Persistent thrombocytopenia after stem cell transplantation (SCT) can lead to increased morbidity and mortality.1 The underlying causes are often multifactorial in this patient population, with complexities such as engraftment deficits, medication effects, graft-versus-host disease (GVHD), and other immunologic processes potentially influencing platelet counts.2 Eltrombopag is an orally available nonpeptide thrombopoietin receptor agonist that interacts with the transmembrane domain of the receptor on bone marrow megakaryocytes and upstream progenitor cells. It has been studied in patients with thrombocytopenia from chronic idiopathic thrombocytopenic purpura, hepatitis C infection, and marrow failure disorders such as aplastic anemia and myelodysplastic syndrome.3-5 The use of eltrombopag as an effective agent to elevate platelet counts post-SCT to levels that eliminate the need for platelet transfusions would be extremely useful in this patient population. Small series have emerged recently to explore this possibility. This Diffusion reviews two manuscripts from 2019.
Dr. Serena Marotta and colleagues describe utilizing eltrombopag specifically for persistent cytopenia and poor graft function in 12 patients at a single European center in this retrospective series. The treatment was started at a dose of 50 mg/d and uptitrated to 150 mg to increase response rates. Eltrombopag was started at a median time post-SCT of 79 days (range, 42-367 days) and given for a median of 107 days (range, 28-155 days). No patient required discontinuation of eltrombopag owing to adverse effects, including no liver abnormalities. Hematologic responses were observed in seven patients, with six complete responses; these included patients with thrombocytopenia presumably caused by immune factors and medication. Once robust hematologic response was achieved with platelet counts of 80,000/µL or greater, the treatment was tapered (by 50%) and eventually discontinued. The authors called for future prospective studies given these early promising results.
Dr. Cai Yuan and colleagues also published a U.S. experience of 13 patients treated with eltrombopag for poor platelet engraftment (without evidence of relapse) at the time of initiation, including six patients with primary platelet engraftment failure and seven with secondary platelet engraftment failure. Eltrombopag was started at an initial dose of 25 or 50 mg/d, and dose adjustments were made to gain platelets counts of 50,000/μL or higher without the need for transfusions for several weeks. Of the six patients with primary isolated platelet failure, three (50%) responded, and of the seven patients with secondary platelet failure, five (71%) responded. The median time to response was 33 days (range, 11-68 days). No patients discontinued treatment as a result of adverse events in this cohort. Given that most of this cohort relapsed and died, the authors concluded that while there is a relatively good response rate (without toxicity) to eltrombopag for post-SCT thrombocytopenia, ultimately, inadequate platelet engraftment is a harbinger of poor outcomes overall.
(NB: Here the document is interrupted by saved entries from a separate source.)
(* Let $\varrho$ be a proximate order, $\sigma,\tau>0$, $f\in A_{\varrho,\sigma}$ and $g\in A_{\varrho,\tau}$. Then $f\star_Lg\in A_{\varrho,\sigma+\tau}$ and $$\|f\star_Lg\|_{\varrho,\sigma+\tau}\le 2^{\frac{n+4}{2}}\|f\|_{\varrho,\sigma}\|g\|_{\varrho,\tau},$$ where $n$ is the number of imaginary units of the Clifford algebra $\mathbb{R}_n$.
   Context: $\mathbb{R}_n$ is the real Clifford algebra generated by $e_1,\dots,e_n$ with $e_ie_j=-e_je_i$ ($i\ne j$), $e_i^2=-1$, with Euclidean norm $|a|^2=\sum_Aa_A^2$ for $a=\sum_Aa_Ae_A$. Paravectors $x=x_0+\sum x_\ell e_\ell$ are identified with $\mathbb{R}^{n+1}$; $\mathbb{S}=\{\sum x_\ell e_\ell:\sum x_\ell^2=1\}$. $\mathcal{SM}_L(\mathbb{R}^{n+1})$ is the set of entire left slice monogenic functions: $f(u+jv)=f_0(u,v)+jf_1(u,v)$ for all $u,v\in\mathbb{R}$, $j\in\mathbb{S}$, with $f_0,f_1:\mathbb{R}^2\to\mathbb{R}_n$ continuously differentiable, $f_0$ even and $f_1$ odd in $v$, $\partial_uf_0=\partial_vf_1$, $\partial_vf_0=-\partial_uf_1$. The star product is $f\star_Lg=f_0g_0-f_1g_1+j(f_1g_0+f_0g_1)$. A proximate order is a differentiable $\varrho:[0,\infty)\to[0,\infty)$ with $\lim_{r\to\infty}\varrho(r)=\rho>0$ and $\lim_{r\to\infty}\varrho'(r)r\ln r=0$. $A_{\varrho,\sigma}=\{f\in\mathcal{SM}_L(\mathbb{R}^{n+1}):\|f\|_{\varrho,\sigma}:=\sup_x|f(x)|e^{-\sigma|x|^{\varrho(|x|)}}<\infty\}$. *)

theory Defs
  imports "HOL-Analysis.Analysis"
begin

text \<open>Real Clifford algebra R_n with generators e_1,...,e_n (e_i^2 = -1).
  An element a = sum_A a_A e_A is represented by its coefficient function
  nat set => real; elements of R_n are those whose coefficients vanish
  outside the subsets of {1..n}.\<close>

type_synonym cl = "nat set \<Rightarrow> real"

definition cl :: "nat \<Rightarrow> cl set" where
  "cl n = {a. \<forall>A. \<not> A \<subseteq> {1..n} \<longrightarrow> a A = 0}"

text \<open>Sign in e_A e_B = sign * e_(A symdiff B), for e_i e_j = - e_j e_i, e_i^2 = -1.\<close>
definition cl_sign :: "nat set \<Rightarrow> nat set \<Rightarrow> real" where
  "cl_sign A B = (-1) ^ (card {(a, b). a \<in> A \<and> b \<in> B \<and> b < a} + card (A \<inter> B))"

definition cl_mult :: "nat \<Rightarrow> cl \<Rightarrow> cl \<Rightarrow> cl" where
  "cl_mult n a b = (\<lambda>C. \<Sum>A\<in>Pow {1..n}. \<Sum>B\<in>Pow {1..n}.
      if (A - B) \<union> (B - A) = C then cl_sign A B * a A * b B else 0)"

definition cl_add :: "cl \<Rightarrow> cl \<Rightarrow> cl" where
  "cl_add a b = (\<lambda>C. a C + b C)"

definition cl_sub :: "cl \<Rightarrow> cl \<Rightarrow> cl" where
  "cl_sub a b = (\<lambda>C. a C - b C)"

definition cl_scale :: "real \<Rightarrow> cl \<Rightarrow> cl" where
  "cl_scale r a = (\<lambda>C. r * a C)"

definition cl_scalar :: "real \<Rightarrow> cl" where
  "cl_scalar s = (\<lambda>C. if C = {} then s else 0)"

definition cl_unit :: "nat \<Rightarrow> cl" where
  "cl_unit i = (\<lambda>C. if C = {i} then 1 else 0)"

definition clnorm :: "nat \<Rightarrow> cl \<Rightarrow> real" where
  "clnorm n a = sqrt (\<Sum>A\<in>Pow {1..n}. (a A)\<^sup>2)"

text \<open>Paravectors x_0 + sum x_l e_l (identified with R^(n+1)).\<close>
definition paravec :: "nat \<Rightarrow> cl set" where
  "paravec n = {x \<in> cl n. \<forall>A. 2 \<le> card A \<longrightarrow> x A = 0}"

definition imag_sphere :: "nat \<Rightarrow> cl set" where
  "imag_sphere n = {j \<in> paravec n. j {} = 0 \<and> (\<Sum>l=1..n. (j {l})\<^sup>2) = 1}"

definition slice_decomp :: "nat \<Rightarrow> (cl \<Rightarrow> cl) \<Rightarrow> (real \<Rightarrow> real \<Rightarrow> cl) \<Rightarrow> (real \<Rightarrow> real \<Rightarrow> cl) \<Rightarrow> bool" where
  "slice_decomp n f f0 f1 \<longleftrightarrow>
     (\<forall>u v. f0 u v \<in> cl n \<and> f1 u v \<in> cl n) \<and>
     (\<forall>u v A. f0 u (-v) A = f0 u v A \<and> f1 u (-v) A = - f1 u v A) \<and>
     (\<forall>u v j. j \<in> imag_sphere n \<longrightarrow>
        f (cl_add (cl_scalar u) (cl_scale v j)) = cl_add (f0 u v) (cl_mult n j (f1 u v))) \<and>
     (\<exists>p0u p0v p1u p1v :: real \<Rightarrow> real \<Rightarrow> cl. \<forall>A.
        (\<forall>u v. ((\<lambda>t. f0 t v A) has_real_derivative p0u u v A) (at u) \<and>
               ((\<lambda>t. f0 u t A) has_real_derivative p0v u v A) (at v) \<and>
               ((\<lambda>t. f1 t v A) has_real_derivative p1u u v A) (at u) \<and>
               ((\<lambda>t. f1 u t A) has_real_derivative p1v u v A) (at v)) \<and>
        continuous_on UNIV (\<lambda>z. p0u (fst z) (snd z) A) \<and>
        continuous_on UNIV (\<lambda>z. p0v (fst z) (snd z) A) \<and>
        continuous_on UNIV (\<lambda>z. p1u (fst z) (snd z) A) \<and>
        continuous_on UNIV (\<lambda>z. p1v (fst z) (snd z) A) \<and>
        (\<forall>u v. p0u u v A = p1v u v A \<and> p0v u v A = - p1u u v A))"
These two articles highlight a small but real-world clinical experience with eltrombopag for thrombocytopenia post-SCT. This is a therapeutic approach that is becoming more prominent in practice but does require further investigation, given there is currently a paucity of prospective data. The exception is one preliminary abstract of phase II placebo-controlled randomized trial with early results in 60 patients statistically inconclusive6 ; thus, case series like the ones discussed here are useful to gain experience. These two studies show safety and reasonable response rates but likely do not fully support eltrombopag’s mainstream use post-SCT to improve blood counts. Nonetheless, the rationale for using eltrombopag in this fashion is sound. It is known early post-SCT that there is impairment of the stem cell compartment due to reduction of hematopoietic progenitors as the graft is developing in the recipient. Given the activity of eltrombopag in aplastic anemia,3 another disease of limited hematopoietic progenitor function, it is reasonable to hope that eltrombopag can also stimulate the stem cell pool post-SCT. Additionally, there are complicated immune mechanisms2 post-SCT that contribute to the graft function and recently, also in abstract form, it has been shown that eltrombopag could improve cytopenias through heterodimerization between interferon-γ and thrombopoietin to disable the immune-inhibitory effect of interferon-γ on stem cells.7 Additional familiarity with eltrombopag in clinical practice post-SCT will allow us to further understand its utility as well as benefits and toxicities. We look forward to additional prospective studies. Future developments in this arena may show hematologists additional ways to use this oral thrombopoietin receptor agonist for our patients.
Dr. DeZern indicated no relevant conflicts of interest.